Dave M dgminala at mediacombb.net
Thu Apr 8 22:54:06 UTC 2010


>> Date: Thu, 8 Apr 2010 11:22:58 -0700
>> From: "Rick Karlquist" <richard at karlquist.com>
>> Subject: Re: [time-nuts] Yukon Energy causes time sync problems
>> To: "Discussion of precise time and frequency measurement"
>> <time-nuts at febo.com>
>> Message-ID:
>> <8170b7918c354c3b04336780ecfbc25e.squirrel at webmail.sonic.net>
>> Content-Type: text/plain;charset=iso-8859-1
>>
>> This reminds me of something a power company engineer
>> once told me:
>>
>> "High frequency" is 61 Hz.  "Low frequency" is 59 Hz.
>
> I remember being in the powerhouse at Bonneville Dam on the Columbia
> River in the mid-fifties and seeing round-bezel vibrating reed
> frequency meters with 5 reeds in 0.5Hz steps -- 59, 59.5, 60, 60.5,
> 61. The square ends of the reeds were painted white to make them
> easier to see, and they had about a 1/4" p-p motion at center freq.
> Don't know if they were part of a control loop or just monitors.

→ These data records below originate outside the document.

text \<open>Otherwise unit vectors y n with N(y n, y n) > n would have a subsequence that is
  Cauchy, hence bounded, in the seminorm.\<close>

lemma quadratic_bound: "\<exists>C>0. \<forall>u. N u u \<le> C * (norm u)\<^sup>2"
proof (rule ccontr)
  assume unbounded: "\<not> ?thesis"
  have "\<exists>y. norm y = 1 \<and> real n < N y y" for n
  proof -
    have "0 < real n + 1" by simp
    then obtain u where u: "(real n + 1) * (norm u)\<^sup>2 < N u u"
      using unbounded not_le by blast
    then have "u \<noteq> 0" by (auto simp: N_expand)
    moreover have "real n * (norm u)\<^sup>2 \<le> (real n + 1) * (norm u)\<^sup>2" by (simp add: mult_right_mono)
    ultimately have "real n * (norm u)\<^sup>2 < N u u" using u by linarith
    then have "real n < N u u / (norm u)\<^sup>2" using \<open>u \<noteq> 0\<close> by (simp add: pos_less_divide_eq)
    then show ?thesis using \<open>u \<noteq> 0\<close> by (intro exI[of _ "u /\<^sub>R norm u"]) (simp add: N_normalized)
  qed
  then obtain y where y: "\<And>n. norm (y n) = 1" "\<And>n. real n < N (y n) (y n)" by metis
  have "bounded (range y)" using y(1) by (auto simp: bounded_iff)
  from N_compact[OF this] obtain r :: "nat \<Rightarrow> nat" where r: "strict_mono r"
    and Cauchy: "\<forall>e>0. \<exists>K. \<forall>m\<ge>K. \<forall>n\<ge>K. seminormN N (y (r m) - y (r n)) < e"
    by (elim exE conjE) auto
  obtain K where K: "\<forall>m\<ge>K. \<forall>n\<ge>K. seminormN N (y (r m) - y (r n)) < 1"
    using Cauchy[rule_format, OF zero_less_one] by blast
  define n where "n = max K (nat \<lceil>(1 + seminormN N (y (r K)))\<^sup>2\<rceil>)"
  have "seminormN N (y (r n)) \<le> seminormN N (y (r n) - y (r K)) + seminormN N (y (r K))"
    using seminormN_triangle[of "y (r n) - y (r K)" "y (r K)"] by simp
  also have "\<dots> < 1 + seminormN N (y (r K))"
    using K[rule_format, of n K] unfolding n_def by simp
  finally have "(seminormN N (y (r n)))\<^sup>2 < (1 + seminormN N (y (r K)))\<^sup>2"
    by (rule power_strict_mono) (simp_all add: seminormN_def N_nonneg)
  then have "N (y (r n)) (y (r n)) < (1 + seminormN N (y (r K)))\<^sup>2" by simp
  also have "\<dots> \<le> real n" unfolding n_def by linarith
  also have "\<dots> \<le> real (r n)" using seq_suble[OF r] by simp
  finally show False using y(2)[of "r n"] by simp
qed

lemma bounded_bilinear_N: "bounded_bilinear N"
proof -
  obtain C where C: "0 < C" "\<And>u. N u u \<le> C * (norm u)\<^sup>2" using quadratic_bound by blast
  have "seminormN N u \<le> sqrt C * norm u" for u
  proof -
    have "sqrt (N u u) \<le> sqrt (C * (norm u)\<^sup>2)" using C(2) by (rule real_sqrt_le_mono)
    then show ?thesis unfolding seminormN_def by (simp add: real_sqrt_mult)
  qed
  then have "\<bar>N a b\<bar> \<le> norm a * norm b * C" for a b
  proof -
    have "\<bar>N a b\<bar> \<le> seminormN N a * seminormN N b" by (rule abs_N_le)
    also have "\<dots> \<le> (sqrt C * norm a) * (sqrt C * norm b)"
      using \<open>\<And>u. seminormN N u \<le> sqrt C * norm u\<close> C(1) by (intro mult_mono) (auto simp: seminormN_def N_nonneg)
    also have "\<dots> = norm a * norm b * C" using C(1) by (simp add: algebra_simps)
    finally show ?thesis .
  qed
  then show ?thesis
    by (intro bounded_bilinear.intro) (auto simp: N_expand intro: exI[of _ C])
qed

lemma maximizing_sequence:
  assumes W: "subspace W" and u0: "u0 \<in> W" "0 < N u0 u0"
  obtains mu y where "0 < mu" "\<And>u. u \<in> W \<Longrightarrow> N u u \<le> mu * (norm u)\<^sup>2"
    "\<And>n. y n \<in> W" "\<And>n. norm (y n) = 1" "(\<lambda>n. N (y n) (y n)) \<longlonglongrightarrow> mu"
proof -
  obtain C where C: "\<And>u. N u u \<le> C * (norm u)\<^sup>2" using quadratic_bound by blast
  define S where "S = {N u u | u. u \<in> W \<and> norm u = 1}"
  have quotient_in_S: "N u u / (norm u)\<^sup>2 \<in> S" if "u \<in> W" "u \<noteq> 0" for u
  proof -
    have "u /\<^sub>R norm u \<in> W" using W that(1) by (simp add: subspace_scale)
    then show ?thesis unfolding S_def using that(2) N_normalized[of u] by force
  qed
  have u0_nonzero: "u0 \<noteq> 0" using u0(2) by (auto simp: N_expand)
  have "N u u \<le> C" if "norm u = 1" for u using C[of u] that by simp
  then have S_bdd: "bdd_above S" unfolding S_def by (auto intro!: bdd_aboveI[of _ C])
  have S_ne: "S \<noteq> {}" using quotient_in_S[OF u0(1) u0_nonzero] by blast
  have bound: "N u u \<le> Sup S * (norm u)\<^sup>2" if "u \<in> W" for u
  proof (cases "u = 0")
    case True then show ?thesis by (simp add: N_expand)
  next
    case False
    then have "N u u / (norm u)\<^sup>2 \<le> Sup S" using cSup_upper[OF quotient_in_S[OF that] S_bdd] by simp
    then show ?thesis using False by (simp add: divide_le_eq mult.commute)
  qed
  have "0 < N u0 u0 / (norm u0)\<^sup>2" using u0(2) u0_nonzero by simp
  then have pos: "0 < Sup S" using cSup_upper[OF quotient_in_S[OF u0(1) u0_nonzero] S_bdd] by linarith
  have "\<exists>y. y \<in> W \<and> norm y = 1 \<and> Sup S - 1 / Suc n < N y y" for n
  proof -
    obtain s where "s \<in> S" "Sup S - 1 / Suc n < s"
      using less_cSup_iff[OF S_ne S_bdd, of "Sup S - 1 / Suc n"] by auto
    then show ?thesis unfolding S_def by auto
  qed
  then obtain y where y: "\<And>n. y n \<in> W" "\<And>n. norm (y n) = 1" "\<And>n. Sup S - 1 / Suc n < N (y n) (y n)"
    by metis
  have "(\<lambda>n. Sup S - 1 / Suc n) \<longlonglongrightarrow> Sup S - 0"
    by (intro tendsto_diff tendsto_const LIMSEQ_Suc[OF lim_const_over_n])
  then have lim: "(\<lambda>n. Sup S - 1 / Suc n) \<longlonglongrightarrow> Sup S" by simp
  have "(\<lambda>n. N (y n) (y n)) \<longlonglongrightarrow> Sup S"
  proof (rule tendsto_sandwich[OF _ _ lim tendsto_const])
    show "\<forall>\<^sub>F n in sequentially. Sup S - 1 / Suc n \<le> N (y n) (y n)"
      using y(3) by (intro always_eventually allI less_imp_le)
    show "\<forall>\<^sub>F n in sequentially. N (y n) (y n) \<le> Sup S"
      using bound[OF y(1)] y(2) by (intro always_eventually allI) simp
  qed
  then show thesis using that pos bound y(1,2) by blast
qed

lemma maximizing_sequence_Cauchy:
  assumes W: "subspace W" and mu: "0 < mu" "\<And>u. u \<in> W \<Longrightarrow> N u u \<le> mu * (norm u)\<^sup>2"
    and z: "\<And>n. z n \<in> W" "\<And>n. norm (z n) = 1" "(\<lambda>n. N (z n) (z n)) \<longlonglongrightarrow> mu"
    and N_Cauchy: "\<And>e. 0 < e \<Longrightarrow> \<exists>K. \<forall>m\<ge>K. \<forall>n\<ge>K. N (z m - z n) (z m - z n) < e"
  shows "Cauchy z"
  unfolding Cauchy_def
proof (intro allI impI)
  fix e :: real assume e: "0 < e"
  define d where "d = mu * e\<^sup>2 / 5"
  have d: "0 < d" unfolding d_def using mu(1) e by simp
  obtain K1 where K1: "\<forall>m\<ge>K1. \<forall>n\<ge>K1. N (z m - z n) (z m - z n) < d"
    using N_Cauchy[OF d] by blast
  obtain K2 where K2: "\<forall>n\<ge>K2. norm (N (z n) (z n) - mu) < d / 4"
    using LIMSEQ_D[OF z(3)] d by (metis zero_less_divide_iff zero_less_numeral)
  show "\<exists>M. \<forall>m\<ge>M. \<forall>n\<ge>M. dist (z m) (z n) < e"
  proof (intro exI allI impI)
    fix m n assume mn: "max K1 K2 \<le> m" "max K1 K2 \<le> n"
    have "mu * (norm (z m - z n))\<^sup>2 \<le> N (z m - z n) (z m - z n) + 2 * (mu - N (z m) (z m))
        + 2 * (mu - N (z n) (z n))"
      using parallelogram_Rayleigh[OF W mu(2)] z by blast
    also have "\<dots> < d + 2 * (d / 4) + 2 * (d / 4)"
      using K1 K2 mn by (smt (verit, best) max.boundedE real_norm_def)
    also have "\<dots> < mu * e\<^sup>2" unfolding d_def using mu(1) e by simp
    finally have "(norm (z m - z n))\<^sup>2 < e\<^sup>2" using mu(1) by simp
    then show "dist (z m) (z n) < e" using e by (simp add: dist_norm power_less_imp_less_base)
  qed
qed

> Tallies well with what the engineer told Rick.
>
> Dick Moore

An old military sudio oscillator, the TS-382, had a similar frequency meter 
on the front panel to check accuracy of the  frequency dial.  It had only 
two reeds; one for 60 Hz, the other for 400 Hz.  The user adjusted the 
frequency dial at 60 Hz or 400 Hz for max vibration amplitude on the meter, 
and checked the dial position for accuracy.  It was crude, and only offered 
two check points, but better than nothing.
That oscillator was a wein bridge oscillator, quite similar to the HP-200 
series design.  Built in typical military fashion; like a tank.